> [ABOUT THIS EXERCISE]: Determine how many lines in the following listing include "product". Respond with that number only.

> [DATASET EXCERPTS]:
○ ○ ○ ○ ○

lemma emeasure_chi2_quotient_le:
  assumes k: "k > 0" and n: "n > 0"
  shows "emeasure (chi2 k \<Otimes>\<^sub>M chi2 n) {p. fst p / snd p \<le> x}
       = (\<integral>\<^sup>+t. ennreal (beta_prime_density (k/2) (n/2) t) * indicator {..x} t \<partial>lborel)"
proof -
  let ?A = "{p :: real \<times> real. fst p / snd p \<le> x}"
  let ?p = "\<lambda>u w. ennreal (chi2_density k u) * ennreal (chi2_density n w)"
  let ?q = "\<lambda>w t. ennreal (chi2_density n w * w * chi2_density k (w * t))"
  have "sigma_finite_measure (chi2 n)"
    using prob_space_chi2[OF n] by (rule prob_space_imp_sigma_finite)
  then have product: "chi2 k \<Otimes>\<^sub>M chi2 n = density (lborel \<Otimes>\<^sub>M lborel) (\<lambda>(u, w). ?p u w)"
    unfolding chi2_def
    by (intro pair_measure_density) (auto simp: lborel.sigma_finite_measure_axioms)
  have inner: "(\<integral>\<^sup>+u. ?p u w * indicator ?A (u, w) \<partial>lborel)
      = (\<integral>\<^sup>+t. ?q w t * indicator {..x} t \<partial>lborel)" for w
  proof (cases "w > 0")
    case w: True
    have "(\<integral>\<^sup>+u. ?p u w * indicator ?A (u, w) \<partial>lborel)
        = ennreal (chi2_density n w) *
          (\<integral>\<^sup>+u. ennreal (chi2_density k u) * indicator {u. u / w \<le> x} u \<partial>lborel)"
      by (subst nn_integral_cmult[symmetric])
        (auto intro!: nn_integral_cong simp: indicator_def mult.commute)
    also have "\<dots> = ennreal (chi2_density n w * w) *
        (\<integral>\<^sup>+t. ennreal (chi2_density k (w * t)) * indicator {..x} t \<partial>lborel)"
      using w n
      by (simp add: nn_integral_indicator_quotient_le ennreal_mult' chi2_density_nonneg mult.assoc)
    also have "\<dots> = (\<integral>\<^sup>+t. ?q w t * indicator {..x} t \<partial>lborel)"
      using w n by (subst nn_integral_cmult[symmetric])
        (auto intro!: nn_integral_cong simp: ennreal_mult' chi2_density_nonneg mult.assoc)
    finally show ?thesis .
  qed (simp add: chi2_density_def)
  have "emeasure (chi2 k \<Otimes>\<^sub>M chi2 n) ?A
      = (\<integral>\<^sup>+w. \<integral>\<^sup>+u. ?p u w * indicator ?A (u, w) \<partial>lborel \<partial>lborel)"
    unfolding product using sets_pair_lborel_quotient_le[of x]
    by (subst emeasure_density) (auto simp: lborel_pair.nn_integral_snd[symmetric] case_prod_beta)
  also have "\<dots> = (\<integral>\<^sup>+w. \<integral>\<^sup>+t. ?q w t * indicator {..x} t \<partial>lborel \<partial>lborel)"
    by (simp only: inner)
  also have "\<dots> = (\<integral>\<^sup>+t. (\<integral>\<^sup>+w. ?q w t \<partial>lborel) * indicator {..x} t \<partial>lborel)"
    by (subst lborel_pair.Fubini') (auto intro!: nn_integral_cong nn_integral_multc)
  also have "\<dots> = (\<integral>\<^sup>+t. ennreal (beta_prime_density (k/2) (n/2) t) * indicator {..x} t \<partial>lborel)"
    using k n by (simp add: nn_integral_chi2_quotient_kernel)
  finally show ?thesis .
qed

○ ○ ○ ○ ○

> [SOLUTION FOR THIS EXERCISE]: 2